In considering the hardship that would accrue to people impacted by the cancellation of the applicant’s visa, I note that his family would encounter increased financial stress as the wage differential between Australia and Taiwan, according to the applicant, would be substantial. But noting that it has been several years since the initial trigger to have the applicant leave Taiwan and through that period the applicant remained in Taiwan for over four years, I am satisfied that the degree of hardship is minimal and as such place limited weight against cancellation.
Circumstances in which ground of cancellation arose.
The applicant described the circumstances leading to him committing the crime. He recalled at the hearing that he received a call from friends asking him to go out with them. They said that there might be an incident that could happen, and they asked that he gets prepared in advance. He claims that he didn’t think much about it and thought that as long as the conflict or dispute is resolved he could leave.
The preparation the applicant undertook for the dispute involved grabbing a baseball bat from his home while his friend grabbed some knives, they also took binding cables and surgical face masks as the applicant explained it was during the COVID pandemic.
He thought that he would need the baseball bat as his friend told him that there might be a fight but despite being forewarned about a possible fight the applicant claims that he didn’t ask his friend what it was about or why he needed to fight.
The applicant said that the drive to the location took ‘quite a while’. He was on his phone most of the time.
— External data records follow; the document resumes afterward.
lemma set_integrable_modulus_dominated:
  fixes g :: "real \<Rightarrow> 'b::{banach, second_countable_topology}"
  assumes dini: "dini_continuous h" and meas: "g \<in> borel_measurable borel"
    and bound: "\<And>x. x \<in> {-pi..pi} \<Longrightarrow> x \<noteq> 0 \<Longrightarrow> norm (g x) \<le> c * (dini_modulus h x / \<bar>x\<bar>)"
  shows "set_integrable lebesgue {-pi..pi} g"
proof (rule set_integrable_sym_dominated[OF meas])
  show "integrable lborel (\<lambda>x. indicator {-pi..pi} x * (c * (dini_modulus h x / \<bar>x\<bar>)))"
    using integrable_mult_right[OF dini_modulus_over_abs_integrable[OF dini], of c]
    by (simp add: mult.left_commute)
  show "AE x in lborel. x \<in> {-pi..pi} \<longrightarrow> norm (g x) \<le> c * (dini_modulus h x / \<bar>x\<bar>)"
    using AE_lborel_singleton[of 0] by eventually_elim (use bound in auto)
qed

text \<open>The weighted distance between the kernels \<open>K_r\<close> and \<open>K_1\<close>; it controls the distance between
  \<open>b(r e^{i\<theta>})\<close> and the boundary function, uniformly in \<open>\<theta>\<close>.\<close>

definition radial_error :: "(complex \<Rightarrow> real) \<Rightarrow> real \<Rightarrow> real" where
  "radial_error h r =
     (LINT x:{-pi..pi}|lebesgue. cmod (radial_kernel r x - radial_kernel 1 x) * dini_modulus h x)"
I queried the applicant’s claim that he hadn’t been in a fight before, hadn’t used a baseball bat in anger before and yet in the car he was on his phone rather than asking why they were going to fight. He said that at the time it didn’t seem serious.
In total there were eight people in two cars heading to the location. Of the three others in his, two were known to him from Taiwan.
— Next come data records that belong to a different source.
definition strong_rho_arbitrage :: "'a measure \<Rightarrow> (('a \<Rightarrow> real) \<Rightarrow> ereal) \<Rightarrow> ('a \<Rightarrow> real^'d) \<Rightarrow> real \<Rightarrow> bool" where
  "strong_rho_arbitrage M rho R r \<longleftrightarrow>
     (\<forall>p. \<exists>q. integral\<^sup>L M (excess_ret R r q) > integral\<^sup>L M (excess_ret R r p) \<and>
                 rho (excess_ret R r q) < rho (excess_ret R r p))"

definition elliptical_Ed :: "'a measure \<Rightarrow> ('a \<Rightarrow> real^'d) \<Rightarrow> real^'d \<Rightarrow> real^'d^'d \<Rightarrow> (real \<Rightarrow> real) \<Rightarrow> bool" where
  "elliptical_Ed M X mu Sig psi \<longleftrightarrow>
     X \<in> borel_measurable M \<and>
     (\<forall>i. integrable M (\<lambda>\<omega>. (X \<omega> $ i)\<^sup>2)) \<and>
     (\<forall>i. integral\<^sup>L M (\<lambda>\<omega>. X \<omega> $ i) = mu $ i) \<and>
     (\<forall>i j. integral\<^sup>L M (\<lambda>\<omega>. (X \<omega> $ i - mu $ i) * (X \<omega> $ j - mu $ j)) = Sig $ i $ j) \<and>
     (\<forall>t. integral\<^sup>L M (\<lambda>\<omega>. iexp (t \<bullet> X \<omega>)) =
            iexp (t \<bullet> mu) * complex_of_real (psi (t \<bullet> (Sig *v t))))"

definition elliptical_E1 :: "'a measure \<Rightarrow> ('a \<Rightarrow> real) \<Rightarrow> real \<Rightarrow> real \<Rightarrow> (real \<Rightarrow> real) \<Rightarrow> bool" where
  "elliptical_E1 M X m v psi \<longleftrightarrow>
     X \<in> borel_measurable M \<and>
     integrable M (\<lambda>\<omega>. (X \<omega>)\<^sup>2) \<and>
     integral\<^sup>L M X = m \<and>
     integral\<^sup>L M (\<lambda>\<omega>. (X \<omega> - m)\<^sup>2) = v \<and>
     (\<forall>t. integral\<^sup>L M (\<lambda>\<omega>. iexp (t * X \<omega>)) =
            iexp (t * m) * complex_of_real (psi (t\<^sup>2 * v)))"

definition pos_def :: "real^'d^'d \<Rightarrow> bool" where
  "pos_def A \<longleftrightarrow> transpose A = A \<and> (\<forall>x. x \<noteq> 0 \<longrightarrow> x \<bullet> (A *v x) > 0)"

definition SR_max :: "real^'d \<Rightarrow> real^'d^'d \<Rightarrow> real \<Rightarrow> real" where
  "SR_max mu Sig r = sqrt ((mu - (\<chi> i. r)) \<bullet> (matrix_inv Sig *v (mu - (\<chi> i. r))))"

end

theory Submission
  imports Defs
begin

text \<open>
  For an elliptical return vector every excess return X(\<pi>) has the law of
  \<sigma>(\<pi>) Z + E[X(\<pi>)] with \<sigma>(\<pi>) = sqrt (\<pi> \<bullet> \<Sigma> \<pi>), as the characteristic functions show.
  Law invariance, cash invariance and positive homogeneity therefore give
  \<rho>(X(\<pi>)) = \<sigma>(\<pi>) \<rho>(Z) - E[X(\<pi>)]. By Cauchy--Schwarz for the inner product of \<Sigma>,
  E[X(\<pi>)] \<le> \<sigma>(\<pi>) SR_max, with equality along the tangency portfolio \<Sigma>\<inverse>(\<mu> - r 1).
  Hence the risk is bounded below by \<sigma>(\<pi>) (\<rho>(Z) - SR_max), and the sign of \<rho>(Z) - SR_max
  decides whether shifting a portfolio along the tangency direction raises its mean while
  lowering its risk. If \<rho>(Z) < 0 and d \<ge> 2, shifting along a nonzero direction of zero mean
  excess return keeps the mean and sends \<sigma>, hence -\<rho>, to infinity, so no minimiser exists.
\<close>

definition quad_norm :: "real^'n^'n \<Rightarrow> real^'n \<Rightarrow> real" where
  "quad_norm S x = sqrt (x \<bullet> (S *v x))"

lemma pos_def_inner_commute:
  assumes "pos_def S"
  shows "x \<bullet> (S *v y) = y \<bullet> (S *v x)"
  using assms unfolding pos_def_def
  by (metis dot_lmul_matrix inner_commute transpose_matrix_vector)

lemma pos_def_nonneg:
  assumes "pos_def S"
  shows "0 \<le> x \<bullet> (S *v x)"
  using assms unfolding pos_def_def by (cases "x = 0") (auto intro: less_imp_le)

lemma pos_def_quadratic_add:
  assumes "pos_def S"
  shows "(x + y) \<bullet> (S *v (x + y)) = x \<bullet> (S *v x) + 2 * (x \<bullet> (S *v y)) + y \<bullet> (S *v y)"
  using pos_def_inner_commute[OF assms, of y x]
  by (simp add: matrix_vector_right_distrib inner_add_left inner_add_right)

lemma pos_def_Cauchy_Schwarz:
  assumes "pos_def S"
  shows "(x \<bullet> (S *v y))\<^sup>2 \<le> (x \<bullet> (S *v x)) * (y \<bullet> (S *v y))"
proof (cases "y = 0")
  case False
  then have pos: "y \<bullet> (S *v y) > 0"
    using assms by (simp add: pos_def_def)
  define t where "t = - (x \<bullet> (S *v y)) / (y \<bullet> (S *v y))"
  have "0 \<le> (x + t *\<^sub>R y) \<bullet> (S *v (x + t *\<^sub>R y))"
    by (rule pos_def_nonneg[OF assms])
  also have "\<dots> = x \<bullet> (S *v x) + 2 * t * (x \<bullet> (S *v y)) + t\<^sup>2 * (y \<bullet> (S *v y))"
    by (simp only: pos_def_quadratic_add[OF assms]) (simp add: matrix_vector_mult_scaleR power2_eq_square)
  also have "\<dots> = x \<bullet> (S *v x) - (x \<bullet> (S *v y))\<^sup>2 / (y \<bullet> (S *v y))"
    using pos by (simp add: t_def field_simps power2_eq_square)
  finally show ?thesis
    using pos by (simp add: field_simps)
qed simp

lemma quad_norm_zero [simp]: "quad_norm S 0 = 0"
  by (simp add: quad_norm_def)

lemma quad_norm_nonneg: "pos_def S \<Longrightarrow> 0 \<le> quad_norm S x"
  by (simp add: quad_norm_def pos_def_nonneg)

lemma quad_norm_pos: "pos_def S \<Longrightarrow> x \<noteq> 0 \<Longrightarrow> 0 < quad_norm S x"
  by (simp add: quad_norm_def pos_def_def)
The applicant described the confrontation as follows. After coming out of the car they had a verbal dispute with the three or four occupants of the house and a fight ensued. He claims that he swung his baseball bat but didn’t hit anyone. The fight then moved inside.
Once they prevailed over the victims the applicant and those with him tied them up.
I asked if he was thinking that he shouldn’t be doing this. He concurred and explained that someone got hit in the head and was bleeding so they all stopped fighting. He claims to have pushed people away from this man and helped him clean his wound.
I put to the applicant adverse information under s 359AA noting that the information is relevant to the review as it shows a high degree of planning before the event and that he was aware of the seriousness of the pending incident. I noted that depending upon his comments it may lead me to place considerable weight on cancelling his visa due to the nature of his crime and if so, it may be a reason or part of the reason for me to affirm the matter.
The applicant chose not to take the offered adjournment.
The adverse information covered several apparent omissions from his narration of the events of that day. I put to him that in the information available to the Tribunal it indicated that some people with him had machetes. The applicant did not have anything to add when this information was put to him under s 359AA although he had earlier stated that it was not normal to turn up to someone’s house with machetes and added that they were not planning on using them other than to scare them.
I asked the applicant whether he was a part of a Messenger chat group that included all of the eight people in two cars who had attacked the victims. He admitted that he was. He said that they discussed what to do if the police came, he said that he only then realized that the incident was serious. I read to him under s 359AA that the contents of the Messenger chats included the use of weapons, methods of tying up the victims and how to get away from the police. The applicant said that although he participated in the Messenger group, he did not contribute directly to the issue of how to get away from the police. Earlier he had also said that he should have thought about his involvement before it came to that stage.
The applicant claims to have been dragged along unwittingly but convicted based upon law of joint commission of an offence. He wrote in his submission and expressed at the hearing that he regrets what he did. He claims that while in prison he was thinking why he did it. He said that he didn’t realise the severity of the incident and the impact it would have on his family. He added that he didn’t think of any of the consequences to the victims.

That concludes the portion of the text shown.